Task goal:
Looking at the records below, say how many lines contain "where". Nothing else belongs in the answer.
**** Data
definition embeds ::
  "((nat \<Rightarrow> real) \<Rightarrow> bool) \<Rightarrow> ((nat \<Rightarrow> real) \<Rightarrow> real) \<Rightarrow>
   ((nat \<Rightarrow> real) \<Rightarrow> bool) \<Rightarrow> ((nat \<Rightarrow> real) \<Rightarrow> real) \<Rightarrow> bool" where
  "embeds X nX Y nY \<longleftrightarrow> (\<exists>C. \<forall>x. X x \<longrightarrow> Y x \<and> nY x \<le> C * nX x)"

end

theory Submission
  imports Defs
begin

text \<open>
  Necessity: test the embedding on the vectors \<open>a\<close> times the indicator of \<open>[0, k)\<close>. For
  \<open>n \<ge> k\<close> their Marcinkiewicz norm is at least \<open>k\<^sup>1\<^sup>/\<^sup>p a / \<nu>(n)\<close>, while for
  \<open>a = \<phi>\<^sup>-\<^sup>1(1/k)\<close> their Luxemburg norm is at most 1 and for \<open>a = 1\<close> their Lorentz norm is
  \<open>W\<^sub>k\<^sup>1\<^sup>/\<^sup>q\<close>, where \<open>W\<^sub>k\<close> is the \<open>k\<close>-th partial sum of \<open>w\<close>.

  Sufficiency: bound \<open>\<Sum>\<^sub>j\<^sub><\<^sub>n (x*\<^sub>j)\<^sup>p\<close> by a constant times \<open>\<nu>(n)\<^sup>p \<parallel>x\<parallel>\<^sup>p\<close>.
  For \<open>\<ell>\<^sub>\<phi>\<close>, let \<open>c\<close> be admissible for the Luxemburg norm of \<open>x\<close> and \<open>b\<^sub>j = \<phi>(x*\<^sub>j / c)\<close>.
  A rearrangement inequality gives \<open>\<Sum> b\<^sub>j \<le> 1\<close>, and comparing \<open>b\<^sub>j\<close> with the nearest
  reciprocal \<open>1/k\<close> gives \<open>\<phi>\<^sup>-\<^sup>1(b\<^sub>j)\<^sup>p \<le> M/n + 2 b\<^sub>j M\<close> with
  \<open>M = max\<^sub>k\<^sub>\<le>\<^sub>n k \<phi>\<^sup>-\<^sup>1(1/k)\<^sup>p\<close>; so the sum is at most \<open>3 M c\<^sup>p\<close>.
  For \<open>d(w, q)\<close>, let \<open>r = p/q\<close> and \<open>b\<^sub>j = (x*\<^sub>j)\<^sup>q\<close>, a nonincreasing sequence with
  \<open>S = \<Sum> b\<^sub>j w\<^sub>j = \<parallel>x\<parallel>\<^sup>q\<close>. If \<open>r \<ge> 1\<close>, then \<open>b\<close> is a convex combination of the extremal vectors
  \<open>(S / W\<^sub>i\<^sub>+\<^sub>1) \<one>\<^bsub>[0, i]\<^esub>\<close> and Jensen's inequality reduces the claim to them; if \<open>r < 1\<close>,
  then \<open>b\<^sub>j \<le> S / W\<^sub>j\<^sub>+\<^sub>1\<close> together with the concavity \<open>k W\<^sub>n \<le> n W\<^sub>k\<close> suffices.
\<close>

section \<open>Orlicz functions\<close>

lemma orlicz_function_zero:
  assumes "orlicz_function \<phi>"
  shows "\<phi> 0 = 0"
proof -
  have cont: "continuous_on {0..} \<phi>" and small: "((\<lambda>x. \<phi> x / x) \<longlongrightarrow> 0) (at_right 0)"
    using assms by (auto simp: orlicz_function_def)
  have "((\<lambda>x. \<phi> x / x * x) \<longlongrightarrow> 0 * 0) (at_right 0)"
    by (intro tendsto_mult small) (simp add: tendsto_ident_at)
  moreover have "\<forall>\<^sub>F x in at_right 0. \<phi> x / x * x = \<phi> x"
    by (rule eventually_mono[OF eventually_at_right_less]) simp
  ultimately have "(\<phi> \<longlongrightarrow> 0) (at_right 0)"
    by (simp add: Lim_transform_eventually)
  moreover have "(\<phi> \<longlongrightarrow> \<phi> 0) (at_right 0)"
    using cont by (auto simp: continuous_on_def intro: tendsto_within_subset)
  ultimately show ?thesis
    using tendsto_unique[of "at_right 0" \<phi>] by auto
qed

lemma orlicz_function_le_scaled:
  assumes "orlicz_function \<phi>" "0 \<le> x" "x \<le> y" "0 < y"
  shows "\<phi> x \<le> x / y * \<phi> y"
proof -
  have "convex_on {0..} \<phi>"
    using assms(1) by (simp add: orlicz_function_def)
  then have "\<phi> ((1 - x / y) *\<^sub>R 0 + (x / y) *\<^sub>R y) \<le> (1 - x / y) * \<phi> 0 + x / y * \<phi> y"
    by (rule convex_onD) (use assms in auto)
  then show ?thesis
    using assms orlicz_function_zero[OF assms(1)] by simp
qed

lemma orlicz_function_strict_mono_on:
  assumes "orlicz_function \<phi>"
  shows "strict_mono_on {0..} \<phi>"
proof (rule strict_mono_onI)
  fix x y :: real
  assume "x \<in> {0..}" "x < y"
  moreover from this have "0 < \<phi> y"
    using assms by (simp add: orlicz_function_def)
  ultimately have "x / y * \<phi> y < \<phi> y"
    by (simp add: field_simps)
  then show "\<phi> x < \<phi> y"
    using orlicz_function_le_scaled[OF assms, of x y] \<open>x \<in> {0..}\<close> \<open>x < y\<close> by simp
qed

lemma orlicz_function_mono:
  assumes "orlicz_function \<phi>" "0 \<le> x" "x \<le> y"
  shows "\<phi> x \<le> \<phi> y"
  using strict_mono_on_less_eq[OF orlicz_function_strict_mono_on[OF assms(1)], of x y] assms(2,3)
  by simp

lemma orlicz_function_nonneg:
  assumes "orlicz_function \<phi>" "0 \<le> x"
  shows "0 \<le> \<phi> x"
  using orlicz_function_mono[OF assms(1) order_refl assms(2)] orlicz_function_zero[OF assms(1)] by simp

lemma orlicz_function_bij_betw:
  assumes "orlicz_function \<phi>"
  shows "bij_betw \<phi> {0..} {0..}"
proof (rule bij_betw_imageI)
  show "inj_on \<phi> {0..}"
    by (rule strict_mono_on_imp_inj_on[OF orlicz_function_strict_mono_on[OF assms]])
  show "\<phi> ` {0..} = {0..}"
  proof (intro subset_antisym subsetI)
    fix y :: real
    assume "y \<in> {0..}"
    have "\<forall>\<^sub>F x in at_top. 1 \<le> \<phi> x / x"
      using assms by (simp add: orlicz_function_def filterlim_at_top)
    then obtain N where "\<And>x. x \<ge> N \<Longrightarrow> 1 \<le> \<phi> x / x"
      by (auto simp: eventually_at_top_linorder)
    then obtain b where "b \<ge> max y 1" "1 \<le> \<phi> b / b"
      by (meson max.cobounded1 max.cobounded2)
    then have "y \<le> \<phi> b"
      by (simp add: field_simps)
    moreover have "continuous_on {0..b} \<phi>"
      using assms by (auto simp: orlicz_function_def intro: continuous_on_subset)
    ultimately have "\<exists>x\<ge>0. x \<le> b \<and> \<phi> x = y"
      using \<open>y \<in> {0..}\<close> \<open>b \<ge> max y 1\<close> orlicz_function_zero[OF assms] by (intro IVT') auto
    then show "y \<in> \<phi> ` {0..}"
      by auto
  qed (use orlicz_function_nonneg[OF assms] in auto)
qed

lemma orlicz_inv_nonneg:
  assumes "orlicz_function \<phi>" "0 \<le> y"
  shows "0 \<le> orlicz_inv \<phi> y"
  using bij_betw_apply[OF bij_betw_inv_into[OF orlicz_function_bij_betw[OF assms(1)]]] assms(2)
  by (auto simp: orlicz_inv_def)

lemma orlicz_inv_inverse:
  assumes "orlicz_function \<phi>" "0 \<le> y"
  shows "\<phi> (orlicz_inv \<phi> y) = y"
  using bij_betw_inv_into_right[OF orlicz_function_bij_betw[OF assms(1)]] assms(2)
  by (simp add: orlicz_inv_def)

lemma orlicz_inv_apply:
  assumes "orlicz_function \<phi>" "0 \<le> x"
  shows "orlicz_inv \<phi> (\<phi> x) = x"
  using bij_betw_inv_into_left[OF orlicz_function_bij_betw[OF assms(1)]] assms(2)
  by (simp add: orlicz_inv_def)

lemma orlicz_inv_mono:
  assumes "orlicz_function \<phi>" "0 \<le> y" "y \<le> y'"
  shows "orlicz_inv \<phi> y \<le> orlicz_inv \<phi> y'"
  using strict_mono_on_less_eq[OF orlicz_function_strict_mono_on[OF assms(1)],
      of "orlicz_inv \<phi> y" "orlicz_inv \<phi> y'"] assms
  by (simp add: orlicz_inv_nonneg orlicz_inv_inverse)

section \<open>Nonincreasing rearrangement\<close>

lemma decr_rearr_candidates_nonempty:
  fixes x :: "nat \<Rightarrow> real"
  assumes "bounded (range x)"
  shows "{t. 0 \<le> t \<and> finite {j. \<bar>x j\<bar> > t} \<and> card {j. \<bar>x j\<bar> > t} \<le> n} \<noteq> {}"
proof -
  obtain B where B: "\<And>j. \<bar>x j\<bar> \<le> B"
    using assms by (auto simp: bounded_iff)
  then have "{j. \<bar>x j\<bar> > B} = {}"
    by (simp add: not_less)
  moreover have "0 \<le> B"
    using B[of 0] abs_ge_zero[of "x 0"] by linarith
  ultimately have "B \<in> {t. 0 \<le> t \<and> finite {j. \<bar>x j\<bar> > t} \<and> card {j. \<bar>x j\<bar> > t} \<le> n}"
    by simp
  then show ?thesis
    by blast
qed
********
Response to this exercise:
5